It’s important to realize what this book is and what it is not. This is not a new series of articles. It’s not a topical encyclopedia. And it’s not a storehouse for every important contribution to the doctrine of Scripture since the Reformation. Thy Word is Still Truth is a largely chronological collection of the most important statements on Scripture from those in those in the Reformed confessional tradition, especially in the line of Old Princeton. Because of this focus, there is nothing from D.A. Carson or J.I. Packer. In fact, besides an occasional piece from Luther or Spurgeon or Edwards, almost everyone included in the volume is either Presbyterian or Dutch Reformed, with the heavy emphasis on the former. This is not a knock on the book, just a description of what you’ll find.
There is a lot to like in this volume.
First, Lillback and Gaffin have compiled the pertinent sections from the all significant Reformed systematicians. What a treat to have Calvin on Scripture, along with Turretin, Cunningham, Bavinck, Berkhof, and Hodge all in the same place.
Second, Part Two on the Reformed Confessions is outstanding. Not only can you find lesser known confessions like the Ten Conclusions of Berne (1528), the Scots Confession of Faith (1560), and the Irish Articles of Religion (1615), but the English text is side by side with the original language text (where the confession or catechism was first written in a language other than English).
Third, there are a number of almost forgotten pieces that have been happily reprinted in this volume (see, for example, Louis Gaussen’s Theopneustia or the section from John Witherspoon’s Lectures on Divinity).
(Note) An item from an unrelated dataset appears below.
(* Let $z:[0,\infty)\to X_{0+}$ be a solution of the modified Becker–Döring equations obtained by the truncation construction described in the context, and let $\omega$ be its weak-$*$ $\omega$-limit set. Then $\{z(t):t\ge0\}$ is relatively compact in the weak-$*$ topology of $X$, and $\omega$ contains at least one equilibrium state $z^\infty\in X_{0+}$ with $$\rho_\infty:=\rho(z^\infty)\in[0,\rho_0]\quad\text{and}\quad\tilde A(z^\infty)=\lim_{t\to\infty}\tilde A(z(t)).$$ Moreover, if $\omega=\{z^\infty\}$, then $z(t)\to z^\infty$ weak-$*$ in $X$ as $t\to\infty$, and this convergence is strong in $X$ if and only if $\rho_\infty=\rho_0$.
   Context: Let $(q_l)_{l\ge1}$ be positive with $q_1=1$, $0<R:=\lim_l q_l/q_{l+1}<\infty$, and $\gamma_l>0$ with $\gamma_l/l\to0$. $X=\{z:\|z\|_X:=\sum_l l|z_l|<\infty\}$, the dual of $\{z:z_l/l\to0\}$; a sequence in $X$ converges weak-$*$ iff it is norm-bounded and converges componentwise. $X_{0+}$: nonnegative elements; $\rho(z)=\sum_l lz_l$, $N(z)=\sum_lz_l$, $J_l(z)=\gamma_l\big(z_1z_l-N(z)\frac{q_l}{q_{l+1}}z_{l+1}\big)$ ($l\ge1$), $J_0(z)=-\sum_{l\ge1}J_l(z)$; an equilibrium state is $z\in X_{0+}$ with $J_l(z)=0$ for all $l\ge0$. $A(z)=\sum_lz_l\ln(z_l/(q_lN(z)))$, $\tilde A(z)=\sum_l z_l\ln(z_l/(\tilde q_lN(z)))$ with $\tilde q_l=q_lR^l$ ($0\ln0=0$, value $0$ at $z=0$). Fix $y\in X_{0+}$ with $y_1>0$, $\rho_0:=\rho(y)>0$. For $m\ge2$ let $z^{(m)}$ solve $\dot z_l=J_{l-1}(z)-J_l(z)$ ($2\le l\le m-1$), $\dot z_m=J_{m-1}(z)$, $\dot z_1=-J_1(z)-\sum_{l=1}^{m-1}J_l(z)$, $z_l(0)=y_l$ ($l\le m$), $z_l\equiv0$ for $l>m$. The solution $z$ is a continuous $[0,\infty)\to X$ map with $z^{(m_j)}_l\to z_l$ uniformly on compacts for every $l$ along some subsequence $m_j\to\infty$; it satisfies $z(t)\in X_{0+}$, $\rho(z(t))=\rho_0$, and $A(z(t))$ is nonincreasing. $\omega=\{w\in X: w=\text{weak-}*\lim_k z(t_k)\text{ for some }t_k\to\infty\}$. *)

theory Defs
  imports "HOL-Analysis.Analysis"
begin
If you come up with a little extra cash, this would be a great book for your reference library. Presbyterian and Reformed pastors will find it especially useful. If nothing else, by the time you get to the very end of the book and enter into the Peter Enns controversy, it should be pretty clear which side best represents the Reformation-Confessional-Old Princeton-Westminster tradition.
November 14, 2013
Book Review: Systematic Theology by John Frame
When a longtime theologian finally publishes his systematic theology, it is bound to be a significant occasion. When a professor as widely read and engaging as John Frame does so, it deserves even more attention. This is a serious, yet accessible, theological textbook that can be used profitably by the young seminarian and the old pastor alike. It is rich, honest, careful, and faithful to Scripture.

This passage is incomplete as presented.